France Chimie Nouvelle-Aquitaine a décerné ses Trophées Responsible Care 2025, le 13 juin dernier à Bayonne, en marge de la tenue de son assemblée générale. " Dans un contexte où nous avons à faire à toujours plus d'adversité, ou notre image est parfois écornée, il est important de montrer que nous sommes des industriels responsables, conscients des enjeux de notre société ", a souligné Guillaume Bouquant, président de France Chimie Nouvelle-Aquitaine. Cinq dossiers étaient en compétition pour recevoir trois Trophées.
Rousselot Angoulême qui exploite une usine de fabrication de gélatine et de peptides de collagènes pour l’industrie agroalimentaire et pharmaceutique est le lauréat de la catégorie environnement. Alors que la concentration des bouillons de gélatine représente 30 % des consommations de vapeur du site, l’entreprise est parvenue à remplacer sa technologie de concentration alimentée par une énergie fossile par une technologie de concentration membranaire, fonctionnant à l’électricité. Le bilan est une réduction des émissions de GES de 28 % et de la consommation de vapeur de l’atelier de concentration de 85 %.
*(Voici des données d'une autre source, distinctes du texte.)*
lemma poly_op_mult:
  assumes "linear_op T"
  shows "poly_op T (p * q) F = poly_op T p (poly_op T q F)"
proof (induction p rule: pCons_induct)
  case 0 then show ?case by simp
next
  case (pCons a p)
  have "pCons a p * q = smult a q + pCons 0 (p * q)" by simp
  then have "poly_op T (pCons a p * q) F = (\<lambda>S. a * poly_op T q F S + T (poly_op T (p * q) F) S)"
    using poly_op_add[OF assms] poly_op_smult[OF assms] poly_op_pCons[OF assms] by simp
  then show ?case using pCons.IH poly_op_pCons[OF assms] by simp
qed

lemma poly_op_linear_factor: assumes "linear_op T" shows "poly_op T [:- c, 1:] F = (\<lambda>S. T F S - c * F S)"
  using poly_op_pCons[OF assms] poly_op_const[OF assms] linear_op_zero[OF assms] by simp

lemma poly_op_sum:
  assumes "linear_op T" "finite I"
  shows "poly_op T (\<Sum>i\<in>I. p i) F = (\<lambda>S. \<Sum>i\<in>I. poly_op T (p i) F S)"
  using assms(2)
proof (induction I rule: finite_induct)
  case empty then show ?case by simp
next
  case (insert x I) then show ?case using poly_op_add[OF assms(1)] by simp
qed

lemma poly_op_sum_fun:
  assumes "linear_op T" "finite A"
  shows "poly_op T p (\<lambda>S. \<Sum>x\<in>A. c x * G x S) = (\<lambda>S. \<Sum>x\<in>A. c x * poly_op T p (G x) S)"
  using linear_op_sum[OF linear_op_poly_op[OF assms(1)] assms(2)] .

definition local_op :: "'a set \<Rightarrow> 'a real_op \<Rightarrow> bool" where
  "local_op V T \<longleftrightarrow> (\<forall>F G. (\<forall>S\<in>V. F S = G S) \<longrightarrow> (\<forall>S\<in>V. T F S = T G S))"

lemma poly_op_local:
  assumes "linear_op T" "local_op V T"
  shows "\<forall>F G. (\<forall>S\<in>V. F S = G S) \<longrightarrow> (\<forall>S\<in>V. poly_op T p F S = poly_op T p G S)"
proof (induction p rule: pCons_induct)
  case 0 then show ?case by simp
next
  case (pCons a p)
  show ?case
  proof (intro allI impI ballI)
    fix F G :: "'a \<Rightarrow> real" and S assume FG: "\<forall>S\<in>V. F S = G S" and S: "S \<in> V"
    have h: "\<And>S'. S' \<in> V \<Longrightarrow> poly_op T p F S' = poly_op T p G S'" using pCons.IH[rule_format, of F G] FG by blast
    have "T (poly_op T p F) S = T (poly_op T p G) S" by (rule assms(2)[unfolded local_op_def, rule_format, OF h S])
    then show "poly_op T (pCons a p) F S = poly_op T (pCons a p) G S"
      unfolding poly_op_pCons[OF assms(1)] using FG S by simp
  qed
qed

lemma poly_op_eigenvector:
  assumes "linear_op T" "local_op V T" and eig: "\<forall>S\<in>V. T G S = \<theta> * G S"
  shows "\<forall>S\<in>V. poly_op T p G S = poly p \<theta> * G S"
proof (induction p rule: pCons_induct)
  case 0 then show ?case by simp
next
  case (pCons a p)
  show ?case
  proof
    fix S assume S: "S \<in> V"
    have h: "\<And>S'. S' \<in> V \<Longrightarrow> poly_op T p G S' = poly p \<theta> * G S'" using pCons.IH by simp
    have "T (poly_op T p G) S = T (\<lambda>S. poly p \<theta> * G S) S"
      by (rule assms(2)[unfolded local_op_def, rule_format, OF h S])
    also have "\<dots> = poly p \<theta> * (\<theta> * G S)" using linear_op_smult[OF assms(1)] eig S by simp
    finally show "poly_op T (pCons a p) G S = poly (pCons a p) \<theta> * G S"
      unfolding poly_op_pCons[OF assms(1)] by (simp add: algebra_simps)
  qed
qed

lemma poly_op_expand:
  assumes linear_op: "linear_op T" and local_op: "local_op V T" and fV: "finite V" and S: "S \<in> V"
  shows "poly_op T p F S = (\<Sum>X\<in>V. F X * poly_op T p (\<lambda>Y. if Y = X then 1 else 0) S)"
proof -
  have h: "F S' = (\<lambda>Y. \<Sum>X\<in>V. F X * (if Y = X then 1 else 0)) S'" if S': "S' \<in> V" for S'
  proof -
    have "(\<Sum>X\<in>V. F X * (if S' = X then 1 else 0)) = (\<Sum>X\<in>V. if S' = X then F X else 0)"
      by (intro sum.cong refl) simp
    also have "\<dots> = F S'" using fV S' by (simp add: sum.delta)
    finally show ?thesis by simp
  qed
  have "poly_op T p F S = poly_op T p (\<lambda>Y. \<Sum>X\<in>V. F X * (if Y = X then 1 else 0)) S"
    using poly_op_local[OF linear_op local_op, rule_format, OF h S] .
  also have "\<dots> = (\<Sum>X\<in>V. F X * poly_op T p (\<lambda>Y. if Y = X then 1 else 0) S)"
    using poly_op_sum_fun[OF linear_op fV, of p F "\<lambda>X Y. if Y = X then 1 else 0"] by simp
  finally show ?thesis .
qed

definition self_adjoint_on :: "'a set \<Rightarrow> 'a real_op \<Rightarrow> bool" where
  "self_adjoint_on V T \<longleftrightarrow> (\<forall>G H. (\<Sum>S\<in>V. G S * T H S) = (\<Sum>S\<in>V. T G S * H S))"

lemma poly_op_commute:
  assumes "linear_op T" shows "poly_op T p (T F) = T (poly_op T p F)"
proof -
  have "T F = poly_op T [:0, 1:] F" using poly_op_pCons[OF assms, of 0 "[:1:]"] poly_op_const[OF assms, of 1] by simp
  moreover have "T (poly_op T p F) = poly_op T [:0, 1:] (poly_op T p F)"
    using poly_op_pCons[OF assms, of 0 "[:1:]"] poly_op_const[OF assms, of 1] by simp
  ultimately show ?thesis using poly_op_mult[OF assms] by (metis mult.commute)
qed

lemma poly_op_self_adjoint:
  assumes "linear_op T" "self_adjoint_on V T"
  shows "(\<Sum>S\<in>V. G S * poly_op T p H S) = (\<Sum>S\<in>V. poly_op T p G S * H S)"
proof (induction p arbitrary: G rule: pCons_induct)
  case 0 then show ?case by simp
next
  case (pCons a p)
  have "(\<Sum>S\<in>V. G S * poly_op T (pCons a p) H S) = a * (\<Sum>S\<in>V. G S * H S) + (\<Sum>S\<in>V. G S * T (poly_op T p H) S)"
    unfolding poly_op_pCons[OF assms(1)] by (simp add: algebra_simps sum.distrib sum_distrib_left)
  also have "(\<Sum>S\<in>V. G S * T (poly_op T p H) S) = (\<Sum>S\<in>V. T G S * poly_op T p H S)"
    using assms(2) unfolding self_adjoint_on_def by blast
  also have "\<dots> = (\<Sum>S\<in>V. poly_op T p (T G) S * H S)" using pCons.IH .
  also have "\<dots> = (\<Sum>S\<in>V. T (poly_op T p G) S * H S)" using poly_op_commute[OF assms(1)] by simp
  finally show ?case unfolding poly_op_pCons[OF assms(1)] by (simp add: algebra_simps sum.distrib sum_distrib_left)
qed

lemma prod_linear_factors_dvd:
  fixes \<theta> :: "'x \<Rightarrow> real" and P :: "real poly"
  assumes "finite A" "inj_on \<theta> A" "\<forall>a\<in>A. poly P (\<theta> a) = 0"
  shows "(\<Prod>a\<in>A. [:- \<theta> a, 1:]) dvd P"
  using assms
proof (induction A arbitrary: P rule: finite_induct)
  case empty then show ?case by simp
next
  case (insert a A)
  have "poly P (\<theta> a) = 0" using insert.prems(2) by simp
  then have "[:- \<theta> a, 1:] dvd P" by (rule iffD1[OF poly_eq_0_iff_dvd])
  then obtain P' where P: "P = [:- \<theta> a, 1:] * P'" by (elim dvdE)
  have "\<forall>b\<in>A. poly P' (\<theta> b) = 0"
  proof
    fix b assume b: "b \<in> A"
    have ne: "\<theta> b - \<theta> a \<noteq> 0" using inj_on_eq_iff[OF insert.prems(1), of b a] b insert.hyps(2) by auto
    have "poly P (\<theta> b) = 0" using insert.prems(2) b by simp
    moreover have "poly P (\<theta> b) = (\<theta> b - \<theta> a) * poly P' (\<theta> b)" unfolding P by (simp add: algebra_simps)
    ultimately show "poly P' (\<theta> b) = 0" using ne by simp
  qed
  moreover have "inj_on \<theta> A" using insert.prems(1) by (rule inj_on_subset) auto
  ultimately have d: "(\<Prod>a\<in>A. [:- \<theta> a, 1:]) dvd P'" using insert.IH by blast
  have "(\<Prod>a\<in>insert a A. [:- \<theta> a, 1:]) = [:- \<theta> a, 1:] * (\<Prod>a\<in>A. [:- \<theta> a, 1:])"
    using insert.hyps by (rule prod.insert)
  then show ?case unfolding P by (simp only:) (rule mult_dvd_mono[OF dvd_refl d])
qed

definition lagrange_basis :: "(nat \<Rightarrow> real) \<Rightarrow> nat set \<Rightarrow> nat \<Rightarrow> real poly" where
  "lagrange_basis \<theta> I i = (\<Prod>j\<in>I - {i}. smult (1 / (\<theta> i - \<theta> j)) [:- \<theta> j, 1:])"

lemma poly_lagrange_basis:
  assumes "finite I" "inj_on \<theta> I" "i \<in> I" "j \<in> I"
  shows "poly (lagrange_basis \<theta> I i) (\<theta> j) = (if j = i then 1 else 0)"
proof (cases "j = i")
  case True
  have "poly (lagrange_basis \<theta> I i) (\<theta> j) = (\<Prod>k\<in>I - {i}. poly (smult (1 / (\<theta> i - \<theta> k)) [:- \<theta> k, 1:]) (\<theta> i))"
    unfolding lagrange_basis_def poly_prod True by simp
  also have "\<dots> = (\<Prod>k\<in>I - {i}. 1)"
  proof (rule prod.cong[OF refl])
    fix k assume k: "k \<in> I - {i}"
    then have "\<theta> i - \<theta> k \<noteq> 0" using inj_on_eq_iff[OF assms(2), of i k] assms(3) by auto
    then show "poly (smult (1 / (\<theta> i - \<theta> k)) [:- \<theta> k, 1:]) (\<theta> i) = 1"
      by (simp add: diff_divide_distrib[symmetric])
  qed
  finally show ?thesis using True by simp
next
  case False
  have "poly (lagrange_basis \<theta> I i) (\<theta> j) = (\<Prod>k\<in>I - {i}. poly (smult (1 / (\<theta> i - \<theta> k)) [:- \<theta> k, 1:]) (\<theta> j))"
    unfolding lagrange_basis_def poly_prod by simp
  also have "\<dots> = 0"
  proof (rule prod_zero)
    show "finite (I - {i})" using assms(1) by simp
    show "\<exists>k\<in>I - {i}. poly (smult (1 / (\<theta> i - \<theta> k)) [:- \<theta> k, 1:]) (\<theta> j) = 0"
      using False assms(4) by (intro bexI[of _ j]) auto
  qed
  finally show ?thesis using False by simp
qed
La société Ianesco à Poitiers a remporté un trophée dans la catégorie sociétale. L’entreprise est spécialisée dans la réalisation d’analyses pour deux secteurs d’activité : l’environnement et les matériaux en contact alimentaire. Alors qu’elle mettait à la benne, chaque année, sept tonnes de flacons plastiques qui étaient incinérées ou enfouies, l’entreprise a décidé de trier ses flacons en polyéthylène haute densité (PEHD), munis de bouchons en polypropylène. Pour cela, elle a mis en place un partenariat avec un Esat pour que soient ôtées les étiquettes, puis elle a acheté un broyeur pour proposer des broyats de flacons et de bouchons prêts au recyclage. Puis, elle s’est associée à deux sociétés, Ne-Auplast et Plantco, pour la fabrication et la vente de dalles d’engazonnement utilisées dans les parkings et allées pour résister à des charges lourdes. Ceci en alternative au béton. Depuis 2025, 400 m2 de dalles ont été fabriqués. Les bouchons sont quant à eux transformés en containers à déchets.
Enfin, l’usine de Yara à Ambès qui produit de l’acide nitrique et des ammonitrates pour le secteur des engrais a remporté le troisième trophée dans la catégorie Énergie/climat. La particularité de la production d’acide nitrique à partir d’oxydes d’azote (NOx) issus de l’oxydation de l’ammoniac est de produire en parallèle du protoxyde d’azote (N2O) à fort effet de serre (265 fois plus que le CO2) et qui rejeté dans l’atmosphère, via les effluents gazeux de l’usine. Alors que l’usine avait déjà réussi à abattre ce N2O de 95 %, les équipes de Yara ont conçu un nouveau réacteur de production, qui a été construit et installé par la société allemande Balcke Duur. Il a permis de poursuivre cet abattement de 95 à 99 %. Partant de 800 000 teq CO2 émis il y a quelques années, le site émet désormais moins de 10 000 teqCO2.
Le site d’Arkema de Mont, qui présentait un projet de diminution des émissions de COV d’une unité de production de lactame, et la société W Platform, à Bassens, qui proposait une solution innovante de recyclage de gaz frigorifiques, ont été vivement félicités par le jury, présidé cette année par Sylvain Stanowski, responsable QHSE de Revico, ancien participant et lauréat. Il était accompagné de Fabienne Grandchamp, chargée de mission référente filière Chimie et Matériaux pour la Nouvelle Aquitaine, Marina Galicki, chargée de mission Innovation et Santé/Chimie/Matériaux à la DREETS Nouvelle-Aquitaine, Stéphanie Labat, responsable environnement et risques industriels à la Sobegi, et Eric Gouzenes de l’Agence de l’Eau Adour-Garonne.